- Hannah Wilke New York, USA, 1940 - Houston, Texas, USA, 1993
- Edition/serial number:Unique work
- Media description:Video ("Philly"; Digital Betacam and DVD; b/w, sound, 32'), eight framed photographs, photograph with "Le grand verre" and a note, hand written by the artist, announcing the performance "Hannah Wilke Through the Large Glass"
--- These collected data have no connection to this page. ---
text \<open>Uses \<open>2x = (x + \<rho>x) + (x - \<rho>x)\<close>.\<close>
lemma eq_0_if_orthogonal_eigenlattices:
  assumes "\<And>s. s \<in> eig_plus R \<Longrightarrow> bf G d s = 0"
    and "\<And>t. t \<in> eig_minus R \<Longrightarrow> bf G d t = 0"
  shows "d = 0"
proof (rule eq_0_if_orthogonal_lat)
  fix x assume "x \<in> lat"
  then have "bf G d (x + R *v x) + bf G d (x - R *v x) = 0"
    using assms add_R_mem_eig_plus diff_R_mem_eig_minus by simp
  then show "bf G d x = 0" by (simp add: bf_simps)
qed

lemma eigen_functional_represented:
  assumes "linear f" and integral: "\<And>x. x \<in> lat \<Longrightarrow> R *v x = a *\<^sub>R x \<Longrightarrow> f x \<in> \<int>"
  obtains y where "y \<in> lat" "\<And>x. x \<in> lat \<Longrightarrow> R *v x = a *\<^sub>R x \<Longrightarrow> f x = bf G y x"
proof -
  obtain c where "c \<in> lat" "\<forall>x\<in>{x. R *v x = a *\<^sub>R x} \<inter> lat. f x = c \<bullet> x"
    using integral_functional_extends[OF \<open>linear f\<close> subspace_eigenvectors] integral by blast
  moreover obtain y where "y \<in> lat" "\<And>x. bf G y x = c \<bullet> x"
    using lat_vector_represented[OF \<open>c \<in> lat\<close>] by blast
  ultimately show ?thesis using that by auto
qed

end

locale anti_invariant_isotropic = unimodular_involution +
  fixes e :: v22
  assumes e_eig_minus: "e \<in> eig_minus R"
    and e_nonzero: "e \<noteq> 0"
    and e_isotropic: "bf G e e = 0"
begin

lemma e_lat: "e \<in> lat" and R_e: "R *v e = - e"
  using e_eig_minus by (auto simp: eig_minus_def)

lemma bf_e_fixed: "R *v s = s \<Longrightarrow> bf G e s = 0"
  using bf_R_R[of e s] by (simp add: R_e bf_simps)

lemma eig_plus_subset_eperp: "eig_plus R \<subseteq> eperp G e"
  using bf_e_fixed by (auto simp: eig_plus_def eperp_def)

lemma eig_plus_eq_if_diff_multiple_e:
  assumes "s1 \<in> eig_plus R" "s2 \<in> eig_plus R" "s1 - s2 = of_int k *\<^sub>R e"
  shows "s1 = s2"
proof -
  have "R *v (s1 - s2) = s1 - s2" using assms(1,2) by (simp add: eig_plus_def matrix_vector_algebra)
  then have "of_int k *\<^sub>R e + of_int k *\<^sub>R e = 0"
    using assms(3) by (simp add: R_e matrix_vector_algebra eq_neg_iff_add_eq_0)
  then have "(of_int k + of_int k) *\<^sub>R e = 0" by (simp only: scaleR_add_left)
  then have "k = 0" using e_nonzero by simp
  then show ?thesis using assms(3) by simp
qed

lemma eig_plus_subset_ias_plus_pre: "eig_plus R \<subseteq> ias_plus_pre G R e"
  using eig_plus_subset_eperp by (auto simp: eig_plus_def ias_plus_pre_def intro!: exI[of _ 0])

lemma ias_plus_pre_iff:
  "x \<in> ias_plus_pre G R e \<longleftrightarrow>
     x \<in> lat \<and> bf G e x = 0 \<and> (\<exists>k::int. R *v x - x = of_int k *\<^sub>R e)"
  by (auto simp: ias_plus_pre_def eperp_def)

lemma S_pre_eq:
  "S_pre R e = {x \<in> ias_plus_pre G R e. \<exists>k::int. R *v x - x = of_int (2 * k) *\<^sub>R e}"
proof safe
  fix x assume "x \<in> S_pre R e"
  then obtain s k where s: "s \<in> lat" "R *v s = s" and x: "x = s + of_int k *\<^sub>R e"
    by (auto simp: S_pre_def eig_plus_def)
  have Rx: "R *v x - x = of_int (2 * - k) *\<^sub>R e"
    unfolding x by (simp add: s(2) R_e matrix_vector_algebra algebra_simps scaleR_add_left[symmetric])
  moreover have "bf G e x = 0"
    using bf_e_fixed[OF s(2)] e_isotropic by (simp add: x bf_simps)
  moreover have "x \<in> lat" unfolding x by (intro lat_add lat_scale s(1) e_lat)
  ultimately show "x \<in> ias_plus_pre G R e" unfolding ias_plus_pre_iff by blast
  show "\<exists>k::int. R *v x - x = of_int (2 * k) *\<^sub>R e" using Rx by blast
next
  fix x and k :: int
  assume "x \<in> ias_plus_pre G R e" and k: "R *v x - x = of_int (2 * k) *\<^sub>R e"
  then have "x + of_int k *\<^sub>R e \<in> lat" by (simp add: ias_plus_pre_iff lat_add lat_scale e_lat)
  moreover have "R *v (x + of_int k *\<^sub>R e) = x + of_int k *\<^sub>R e"
    using k by (simp add: R_e matrix_vector_algebra algebra_simps scaleR_add_left[symmetric])
  ultimately have "x + of_int k *\<^sub>R e \<in> eig_plus R" by (simp add: eig_plus_def)
  moreover have "x = (x + of_int k *\<^sub>R e) + of_int (- k) *\<^sub>R e" by simp
  ultimately show "x \<in> S_pre R e" unfolding S_pre_def by blast
qed

lemma S_pre_subset_ias_plus_pre: "S_pre R e \<subseteq> ias_plus_pre G R e"
  unfolding S_pre_eq by blast

lemma S_pre_zero: "0 \<in> S_pre R e"
proof -
  have "0 = 0 + of_int 0 *\<^sub>R e" by simp
  then show ?thesis unfolding S_pre_def using eig_plus_zero by blast
qed

lemma S_pre_add:
  assumes "x \<in> S_pre R e" "y \<in> S_pre R e"
  shows "x + y \<in> S_pre R e"
proof -
  obtain s1 k1 s2 k2 where "s1 \<in> eig_plus R" "s2 \<in> eig_plus R"
    and "x = s1 + of_int k1 *\<^sub>R e" "y = s2 + of_int k2 *\<^sub>R e"
    using assms unfolding S_pre_def by blast
  moreover have "s1 + of_int k1 *\<^sub>R e + (s2 + of_int k2 *\<^sub>R e) = (s1 + s2) + of_int (k1 + k2) *\<^sub>R e"
    by (simp add: scaleR_add_left)
  ultimately show ?thesis unfolding S_pre_def using eig_plus_add by blast
qed

lemma S_pre_uminus:
  assumes "x \<in> S_pre R e"
  shows "- x \<in> S_pre R e"
proof -
  obtain s k where "s \<in> eig_plus R" "x = s + of_int k *\<^sub>R e"
    using assms unfolding S_pre_def by blast
  moreover have "- (s + of_int k *\<^sub>R e) = - s + of_int (- k) *\<^sub>R e" by simp
  ultimately show ?thesis unfolding S_pre_def using eig_plus_uminus by blast
qed

lemma add_R_mem_S_pre:
  assumes "x \<in> lat"
  shows "x + R *v x \<in> S_pre R e"
proof -
  have "x + R *v x = (x + R *v x) + of_int 0 *\<^sub>R e" by simp
  then show ?thesis unfolding S_pre_def using add_R_mem_eig_plus[OF assms] by blast
qed

text \<open>Pairing \<open>\<rho>x - x = k e\<close> with \<open>t \<in> T\<close> gives \<open>k (e\<cdot>t) = -2 (x\<cdot>t)\<close>.\<close>
lemma ias_plus_pre_eq_S_pre_if_divisibility_1:
  assumes "has_divisibility G (eig_minus R) e 1"
  shows "S_pre R e = ias_plus_pre G R e"
proof -
  obtain t where t: "t \<in> eig_minus R" "bf G e t = 1"
    using has_divisibility_attained[OF assms] by auto
  have "\<exists>j::int. R *v x - x = of_int (2 * j) *\<^sub>R e" if hx: "x \<in> ias_plus_pre G R e" for x
  proof -
    obtain k where x: "x \<in> lat" "R *v x - x = of_int k *\<^sub>R e"
      using hx unfolding ias_plus_pre_iff by blast
    have Rt: "t \<in> lat" "R *v t = - t" using t(1) by (auto simp: eig_minus_def)
    obtain j where j: "bf G x t = of_int j" using bf_lat_Ints[OF x(1) Rt(1)] Ints_cases by blast
    have "of_int k = bf G (R *v x - x) t" using x(2) t(2) by (simp add: bf_simps)
    also have "\<dots> = - 2 * bf G x t" using Rt(2) by (simp add: bf_R_left bf_simps)
    finally have "k = 2 * - j" using j by linarith
    then show ?thesis using x(2) by blast
  qed
  then show ?thesis unfolding S_pre_eq by blast
qed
- Category: Installation, Video, Photography
- Entry date:2006
- Register number:AD04494
This work is related to other Hannah Wilke works in which the artist breaks down the myths surrounding the representation of women in popular culture and the history of art; in this case, the protagonist is Marcel Duchamp. The installation includes the video Philly, which documents the performance Hannah Wilke Through “The Large Glass”, in which Wilke undresses in the Philadelphia Museum of Art, behind Duchamp’s Le grand verre (The Large Glass, 1915-1923). To contextualise the action, reference must be made on the one hand to the way that Duchamp’s work - representing a sexual act transferred to the mechanics of desire - is based on certain misogynistic stereotypes of the 20th century such as the ‘femme fatale’. On the other hand there is the frequently non-critical reception of the French artist by the American neo-avant-gardists at the time.
Wilke begins dressed in a white suit, the same one that appears in the eight photos. This style of suit is associated with the sexual icons of the 1970s, as represented by Helmut Newton photographs and Yves Saint Laurent models, which show an apparently independent woman with a life beyond the home environment. By putting these referents onstage, Wilke set out a feminist critique of Duchamp’s patriarchal and dominating role, and of the way that avant-garde art demarcated female identity.